Doğal ebeveynlik konularında verdiğim seminerler ile bağlanma konularında ebeveynlerle olan terapilerim, bana da kendi içsel yolculuğum adına pek çok yeni pencere açıyor. Bir psikolog olsam da bir anne olarak benim de kendimi “tutarlı bir davranış mı şu yaptığım” diye sorguladığım anlar tabii ki oluyor. Geçenler de 3.5 yaşındaki kızım Irmak ile yaşadığım bir olay işte bu farkındalık pencerelerinin bir yenisini daha açmama vesile oldu.
Sabahtan kızımı akşam yemeğe çıkacağım konusunda hazırladım. Gün içinde beraber güzel zaman geçirdik. Yemek için buluşacağım arkadaşımın eve gelmesiyle beraber telaşlı bir hazırlık başladı. Irmak bu süreçte “anne gitme, anne kal” dese de içimden bunu halledeceğim ve onun beni rahatlıkla bırakacağı fikrinden emindim. Ancak hiçte öyle olmadı. Ağlamalar benim tam çıkacağım sırada iyice yükseldi. Arkadaşım “Hadi, çıkalım artık, ağlar, ağlar, susar, alışır” dedi. Bir tarafım acaba mı ki derken, o gün okuduğum bir makale* geldi aklıma: Dinlemek çok basit bir eylem aslında. Sadece anda olmamızı gerektirir. Koçluk yapmak, akıllı görünmek, ya da nasihat vermek durumunda değiliz dinlerken. Orda oturmaya ve karşımızdakini dinlemeye gönüllü olalım yeter.
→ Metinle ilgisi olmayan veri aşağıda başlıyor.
(* Consider the grid and the operator $Q_{i,j}$ described in the context, fix a species index $l$ with valence $q^l\in\mathbb{R}$, a time step $\Delta t^{n+1}>0$, and a real grid function $\psi^{n+1}=(\psi^{n+1}_{i,j})$, and set $S^{l,n+1}_{i,j}=q^l\psi^{n+1}_{i,j}$. Suppose $c^{l,n}_{i,j}>0$ for all $1\le i\le N_x$, $1\le j\le N_y$, and that $c^{l,n+1}$ satisfies the backward Euler scheme $$h^x_ih^y_j\,\frac{c^{l,n+1}_{i,j}-c^{l,n}_{i,j}}{\Delta t^{n+1}}=Q_{i,j}(c^{l,n+1},S^{l,n+1})\qquad(1\le i\le N_x,\ 1\le j\le N_y).$$ Then $c^{l,n+1}_{i,j}>0$ for all $1\le i\le N_x$, $1\le j\le N_y$.
   Context: Grid on $\Omega=[a,b]\times[c,d]$: $a=x_{1/2}<x_{3/2}<\dots<x_{N_x+1/2}=b$, $c=y_{1/2}<\dots<y_{N_y+1/2}=d$; $x_i=(x_{i-1/2}+x_{i+1/2})/2$, $y_j=(y_{j-1/2}+y_{j+1/2})/2$; $h^x_i=x_{i+1/2}-x_{i-1/2}$, $h^y_j=y_{j+1/2}-y_{j-1/2}$; $h^x_{i+1/2}=x_{i+1}-x_i$ ($1\le i\le N_x-1$), $h^y_{j+1/2}=y_{j+1}-y_j$ ($1\le j\le N_y-1$). For grid functions $c,S$ define fluxes $\widehat g_{x,i+1/2,j}=\frac{c_{i+1,j}e^{S_{i+1,j}}-c_{i,j}e^{S_{i,j}}}{h^x_{i+1/2}}$ ($1\le i\le N_x-1$), $\widehat g_{y,i,j+1/2}=\frac{c_{i,j+1}e^{S_{i,j+1}}-c_{i,j}e^{S_{i,j}}}{h^y_{j+1/2}}$ ($1\le j\le N_y-1$), with zero-flux boundary values $\widehat g_{x,1/2,j}=\widehat g_{x,N_x+1/2,j}=\widehat g_{y,i,1/2}=\widehat g_{y,i,N_y+1/2}=0$; harmonic means $e^{-S_{i+1/2,j}}:=\frac{2e^{-S_{i+1,j}}e^{-S_{i,j}}}{e^{-S_{i+1,j}}+e^{-S_{i,j}}}$, $e^{-S_{i,j+1/2}}:=\frac{2e^{-S_{i,j+1}}e^{-S_{i,j}}}{e^{-S_{i,j+1}}+e^{-S_{i,j}}}$ (irrelevant at boundary half-indices, where fluxes vanish); and $$Q_{i,j}(c,S)=h^y_j\big(e^{-S_{i+1/2,j}}\widehat g_{x,i+1/2,j}-e^{-S_{i-1/2,j}}\widehat g_{x,i-1/2,j}\big)+h^x_i\big(e^{-S_{i,j+1/2}}\widehat g_{y,i,j+1/2}-e^{-S_{i,j-1/2}}\widehat g_{y,i,j-1/2}\big).$$ This is a discretization of the Nernst--Planck equation $\partial_tc^l=\nabla\cdot(e^{-q^l\psi}\nabla(c^le^{q^l\psi}))$ with zero-flux boundary conditions; in the full method $\psi^{n+1}$ is coupled to the concentrations through a discretized Poisson equation, here it is an arbitrary given grid function. *)

theory Defs
  imports "HOL-Analysis.Analysis"
begin

text \<open>Grid on [a,b] x [c,d]: the cell faces are x_{k+1/2} = xf k (k = 0..Nx),
  y_{k+1/2} = yf k (k = 0..Ny); cells are indexed by 1 \<le> i \<le> Nx, 1 \<le> j \<le> Ny.
  Quantities living at half-index k+1/2 are indexed by k.\<close>

definition ctr :: "(nat \<Rightarrow> real) \<Rightarrow> nat \<Rightarrow> real" where
  "ctr f i = (f (i - 1) + f i) / 2"

definition cell_w :: "(nat \<Rightarrow> real) \<Rightarrow> nat \<Rightarrow> real" where
  "cell_w f i = f i - f (i - 1)"

text \<open>h_{i+1/2} = x_{i+1} - x_i, indexed by i.\<close>
definition dual_w :: "(nat \<Rightarrow> real) \<Rightarrow> nat \<Rightarrow> real" where
  "dual_w f i = ctr f (i + 1) - ctr f i"

text \<open>Flux g_{x,i+1/2,j} indexed by i (0 \<le> i \<le> Nx); zero at the boundary.\<close>
definition flux_x :: "nat \<Rightarrow> (nat \<Rightarrow> real) \<Rightarrow> (nat \<Rightarrow> nat \<Rightarrow> real) \<Rightarrow> (nat \<Rightarrow> nat \<Rightarrow> real)
    \<Rightarrow> nat \<Rightarrow> nat \<Rightarrow> real" where
  "flux_x Nx xf c S i j =
     (if 1 \<le> i \<and> i < Nx
      then (c (i + 1) j * exp (S (i + 1) j) - c i j * exp (S i j)) / dual_w xf i
      else 0)"

definition flux_y :: "nat \<Rightarrow> (nat \<Rightarrow> real) \<Rightarrow> (nat \<Rightarrow> nat \<Rightarrow> real) \<Rightarrow> (nat \<Rightarrow> nat \<Rightarrow> real)
    \<Rightarrow> nat \<Rightarrow> nat \<Rightarrow> real" where
  "flux_y Ny yf c S i j =
     (if 1 \<le> j \<and> j < Ny
      then (c i (j + 1) * exp (S i (j + 1)) - c i j * exp (S i j)) / dual_w yf j
      else 0)"

text \<open>Harmonic means e^{-S_{i+1/2,j}} (indexed by i) and e^{-S_{i,j+1/2}} (indexed by j).\<close>
definition hm_x :: "(nat \<Rightarrow> nat \<Rightarrow> real) \<Rightarrow> nat \<Rightarrow> nat \<Rightarrow> real" where
  "hm_x S i j = 2 * exp (- S (i + 1) j) * exp (- S i j) / (exp (- S (i + 1) j) + exp (- S i j))"

definition hm_y :: "(nat \<Rightarrow> nat \<Rightarrow> real) \<Rightarrow> nat \<Rightarrow> nat \<Rightarrow> real" where
  "hm_y S i j = 2 * exp (- S i (j + 1)) * exp (- S i j) / (exp (- S i (j + 1)) + exp (- S i j))"

definition Qop :: "nat \<Rightarrow> nat \<Rightarrow> (nat \<Rightarrow> real) \<Rightarrow> (nat \<Rightarrow> real)
    \<Rightarrow> (nat \<Rightarrow> nat \<Rightarrow> real) \<Rightarrow> (nat \<Rightarrow> nat \<Rightarrow> real) \<Rightarrow> nat \<Rightarrow> nat \<Rightarrow> real" where
  "Qop Nx Ny xf yf c S i j =
     cell_w yf j * (hm_x S i j * flux_x Nx xf c S i j
                    - hm_x S (i - 1) j * flux_x Nx xf c S (i - 1) j)
   + cell_w xf i * (hm_y S i j * flux_y Ny yf c S i j
                    - hm_y S i (j - 1) * flux_y Ny yf c S i (j - 1))"

end

theory Submission
  imports Defs
begin

text \<open>A discrete minimum principle for the Slotboom variable u = c e^S. The fluxes are
  difference quotients of u over positive dual widths, weighted by positive harmonic means and
  cell widths. So at a grid point where u is minimal the flux into the cell from every side is
  nonnegative, i.e. Q \<ge> 0, and the scheme gives c^{n+1} \<ge> c^n > 0 there. Since e^S > 0,
  the minimum of u, and with it every c^{n+1}_{i,j}, is positive.\<close>

lemma cell_w_pos:
  assumes "\<And>k. k < N \<Longrightarrow> f k < f (k + 1)" and "1 \<le> i" and "i \<le> N"
  shows "0 < cell_w f i"
  using assms(1)[of "i - 1"] assms(2,3) by (simp add: cell_w_def)

lemma dual_w_pos:
  assumes "\<And>k. k < N \<Longrightarrow> f k < f (k + 1)" and "i < N"
  shows "0 < dual_w f i"
proof -
  have "f (i - 1) \<le> f i" using assms(1)[of "i - 1"] assms(2) by (cases i) auto
  moreover have "f i < f (i + 1)" using assms by simp
  ultimately show ?thesis by (simp add: dual_w_def ctr_def)
qed

lemma hm_x_pos: "0 < hm_x S i j"
  by (simp add: hm_x_def add_pos_pos)

lemma hm_y_pos: "0 < hm_y S i j"
  by (simp add: hm_y_def add_pos_pos)

lemma flux_x_nonneg:
  assumes "\<And>k. k < Nx \<Longrightarrow> xf k < xf (k + 1)"
    and "1 \<le> i \<Longrightarrow> i < Nx \<Longrightarrow> c i j * exp (S i j) \<le> c (i + 1) j * exp (S (i + 1) j)"
  shows "0 \<le> flux_x Nx xf c S i j"
  using assms dual_w_pos[where N = Nx and f = xf and i = i, OF assms(1)]
  by (auto simp: flux_x_def intro!: divide_nonneg_pos)

lemma flux_x_nonpos:
  assumes "\<And>k. k < Nx \<Longrightarrow> xf k < xf (k + 1)"
    and "1 < i \<Longrightarrow> i \<le> Nx \<Longrightarrow> c i j * exp (S i j) \<le> c (i - 1) j * exp (S (i - 1) j)"
  shows "flux_x Nx xf c S (i - 1) j \<le> 0"
  using assms dual_w_pos[where N = Nx and f = xf and i = "i - 1", OF assms(1)]
  by (auto simp: flux_x_def intro!: divide_nonpos_pos)

lemma flux_y_nonneg:
  assumes "\<And>k. k < Ny \<Longrightarrow> yf k < yf (k + 1)"
    and "1 \<le> j \<Longrightarrow> j < Ny \<Longrightarrow> c i j * exp (S i j) \<le> c i (j + 1) * exp (S i (j + 1))"
  shows "0 \<le> flux_y Ny yf c S i j"
  using assms dual_w_pos[where N = Ny and f = yf and i = j, OF assms(1)]
  by (auto simp: flux_y_def intro!: divide_nonneg_pos)

lemma flux_y_nonpos:
  assumes "\<And>k. k < Ny \<Longrightarrow> yf k < yf (k + 1)"
    and "1 < j \<Longrightarrow> j \<le> Ny \<Longrightarrow> c i j * exp (S i j) \<le> c i (j - 1) * exp (S i (j - 1))"
  shows "flux_y Ny yf c S i (j - 1) \<le> 0"
  using assms dual_w_pos[where N = Ny and f = yf and i = "j - 1", OF assms(1)]
  by (auto simp: flux_y_def intro!: divide_nonpos_pos)

lemma Qop_nonneg_at_min:
  assumes xf: "\<And>k. k < Nx \<Longrightarrow> xf k < xf (k + 1)"
    and yf: "\<And>k. k < Ny \<Longrightarrow> yf k < yf (k + 1)"
    and i0: "1 \<le> i0" "i0 \<le> Nx" and j0: "1 \<le> j0" "j0 \<le> Ny"
    and minimal: "\<And>i j. 1 \<le> i \<Longrightarrow> i \<le> Nx \<Longrightarrow> 1 \<le> j \<Longrightarrow> j \<le> Ny \<Longrightarrow>
               c i0 j0 * exp (S i0 j0) \<le> c i j * exp (S i j)"
  shows "0 \<le> Qop Nx Ny xf yf c S i0 j0"
proof -
  have right: "0 \<le> flux_x Nx xf c S i0 j0"
    using i0 j0 by (intro flux_x_nonneg[where Nx = Nx and xf = xf, OF xf] minimal) auto
  have left: "flux_x Nx xf c S (i0 - 1) j0 \<le> 0"
    using i0 j0 by (intro flux_x_nonpos[where Nx = Nx and xf = xf, OF xf] minimal) auto
  have up: "0 \<le> flux_y Ny yf c S i0 j0"
    using i0 j0 by (intro flux_y_nonneg[where Ny = Ny and yf = yf, OF yf] minimal) auto
  have down: "flux_y Ny yf c S i0 (j0 - 1) \<le> 0"
    using i0 j0 by (intro flux_y_nonpos[where Ny = Ny and yf = yf, OF yf] minimal) auto
  have "0 \<le> hm_x S i0 j0 * flux_x Nx xf c S i0 j0
             - hm_x S (i0 - 1) j0 * flux_x Nx xf c S (i0 - 1) j0"
    using mult_nonneg_nonneg[OF less_imp_le[OF hm_x_pos[of S i0 j0]] right]
      mult_nonneg_nonpos[OF less_imp_le[OF hm_x_pos[of S "i0 - 1" j0]] left] by linarith
  moreover have "0 \<le> hm_y S i0 j0 * flux_y Ny yf c S i0 j0
                      - hm_y S i0 (j0 - 1) * flux_y Ny yf c S i0 (j0 - 1)"
    using mult_nonneg_nonneg[OF less_imp_le[OF hm_y_pos[of S i0 j0]] up]
      mult_nonneg_nonpos[OF less_imp_le[OF hm_y_pos[of S i0 "j0 - 1"]] down] by linarith
  moreover have "0 < cell_w xf i0" "0 < cell_w yf j0"
    using cell_w_pos[where N = Nx and f = xf, OF xf] cell_w_pos[where N = Ny and f = yf, OF yf]
      i0 j0 by auto
  ultimately show ?thesis
    unfolding Qop_def by (intro add_nonneg_nonneg mult_nonneg_nonneg) auto
qed

theorem theorem3:
  fixes Nx Ny :: nat and xf yf :: "nat \<Rightarrow> real"
    and q dt :: real and psi cn cn1 :: "nat \<Rightarrow> nat \<Rightarrow> real"
  assumes "Nx \<ge> 1" and "Ny \<ge> 1"
    and "\<And>k. k < Nx \<Longrightarrow> xf k < xf (k + 1)"
    and "\<And>k. k < Ny \<Longrightarrow> yf k < yf (k + 1)"
    and "dt > 0"
    and "\<And>i j. 1 \<le> i \<Longrightarrow> i \<le> Nx \<Longrightarrow> 1 \<le> j \<Longrightarrow> j \<le> Ny \<Longrightarrow> cn i j > 0"
    and "\<And>i j. 1 \<le> i \<Longrightarrow> i \<le> Nx \<Longrightarrow> 1 \<le> j \<Longrightarrow> j \<le> Ny \<Longrightarrow>
           cell_w xf i * cell_w yf j * (cn1 i j - cn i j) / dt
             = Qop Nx Ny xf yf cn1 (\<lambda>i j. q * psi i j) i j"
  shows "\<forall>i j. 1 \<le> i \<and> i \<le> Nx \<and> 1 \<le> j \<and> j \<le> Ny \<longrightarrow> cn1 i j > 0"
proof -
  define u where "u = (\<lambda>(i, j). cn1 i j * exp (q * psi i j))"
  obtain i0 j0 where p0: "(i0, j0) \<in> {1..Nx} \<times> {1..Ny}"
    and u_min: "\<And>p. p \<in> {1..Nx} \<times> {1..Ny} \<Longrightarrow> u (i0, j0) \<le> u p"
    using ex_is_arg_min_if_finite[of "{1..Nx} \<times> {1..Ny}" u] assms(1,2)
    by (fastforce simp: is_arg_min_linorder)
  have Q: "0 \<le> Qop Nx Ny xf yf cn1 (\<lambda>i j. q * psi i j) i0 j0"
    using p0 u_min[unfolded u_def] by (intro Qop_nonneg_at_min assms(3,4)) auto
  have "0 < cell_w xf i0 * cell_w yf j0"
    using p0 cell_w_pos[where N = Nx and f = xf, OF assms(3)]
      cell_w_pos[where N = Ny and f = yf, OF assms(4)] by simp
  moreover have "0 \<le> cell_w xf i0 * cell_w yf j0 * (cn1 i0 j0 - cn i0 j0) / dt"
    using Q assms(7)[of i0 j0] p0 by simp
  ultimately have "cn i0 j0 \<le> cn1 i0 j0"
    using assms(5) by (simp add: zero_le_divide_iff zero_le_mult_iff)
  with assms(6)[of i0 j0] p0 have "0 < u (i0, j0)"
    by (simp add: u_def)
  with u_min have "0 < u (i, j)" if "(i, j) \<in> {1..Nx} \<times> {1..Ny}" for i j
    using that by fastforce
  then show ?thesis
    by (simp add: u_def zero_less_mult_iff)
qed

end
Konuşmayı, onu avutmaya çalışmayı, kısaca o anda yaptığım her şeyi bırakıp, sadece onu dinlemeye başladım. Benim gitmeme izin vermek, beni bırakmak adına nasıl çabaladığını işte o an fark ettim. Ancak elinden geleni yapsa da, duygusal olarak bunu bir türlü başaramıyordu. Onun tereddütlerini, vücut dilini, sesini, acısını duydum o an. Yorgundu, duygusal olarak zayıftı ve bana ihtiyacı vardı. Arkadaşıma dönüp kendimden emin bir şekilde akşam yemeğine katılamayacağımı söyledim. Üstümü değiştirdim ve kızımla yemeğe oturduk. Garip bir şekilde içimde hiçbir kızgınlık yoktu. Daha önceleri bu tür durumlardan alışık olduğum kızgınlık duygusunu hissetmediğime önce şaşırdım. Ancak bu kez farklı olan kendime acıma duygusuna yenilmemiş olmamdı: “Zavallı ben, zaten hiç dinlenemiyorum, bir akşam bile çıkıp eğlenmek bana çok görülüyor” v.s. Peki bu düşünceler neden gelmiyor ve neden beni içine çekmiyor bu kez diye merakla sordum kendime. Ve şöyle bir hisle yüzleştim bu kez, Irmağı gerçekten dinlemiş olma hissi. Kendi içimde kaybolmadan, karşımdakini duymakla beraber gelen empati hissi. ‘Bu nasıl bir özgürlük’ diye geçirdim içimden. Hiçbir kızgınlık, kendine acıma duygusu hissetmeden kızımla yediğimiz akşam yemeğinin keyfine bıraktım kendimi.
Birden Irmağın sesiyle irkildim. “Anne biliyor musun” dedi.
-Neyi?
-Ben anne olsaydım, sen çocuk olsaydın, ben de gitmezdim. Seninle kalırdım.
Gözlerim yaşla dolu o an. 3.5 yaşındaki kızım bunu fark etmekle kalmamış, dile de getirmişti. Bir an tutarlı olmak, davranışlarını kontrol etmek adına ne kadar çok onları dinlemediğimizi düşündüm. Ben de kendi geçmişimin yasının yaşlarını akıttım gözlerimden.
Ertesi akşam ne mi oldu. Arkadaşımın doğum gününe gitmek için hazırlanırken Irmak “Anne çok geç kalma olur mu” dedi. “Olur” dedim. Bir öpücük kondurdum yanağına ve doğum günü mekânına doğru giderken ‘tutarlı olun o ağlasa bile’ diye başlayan tüm söylemleri haksız çıkarmanın muzip bir gülümsemesi vardı yüzümde.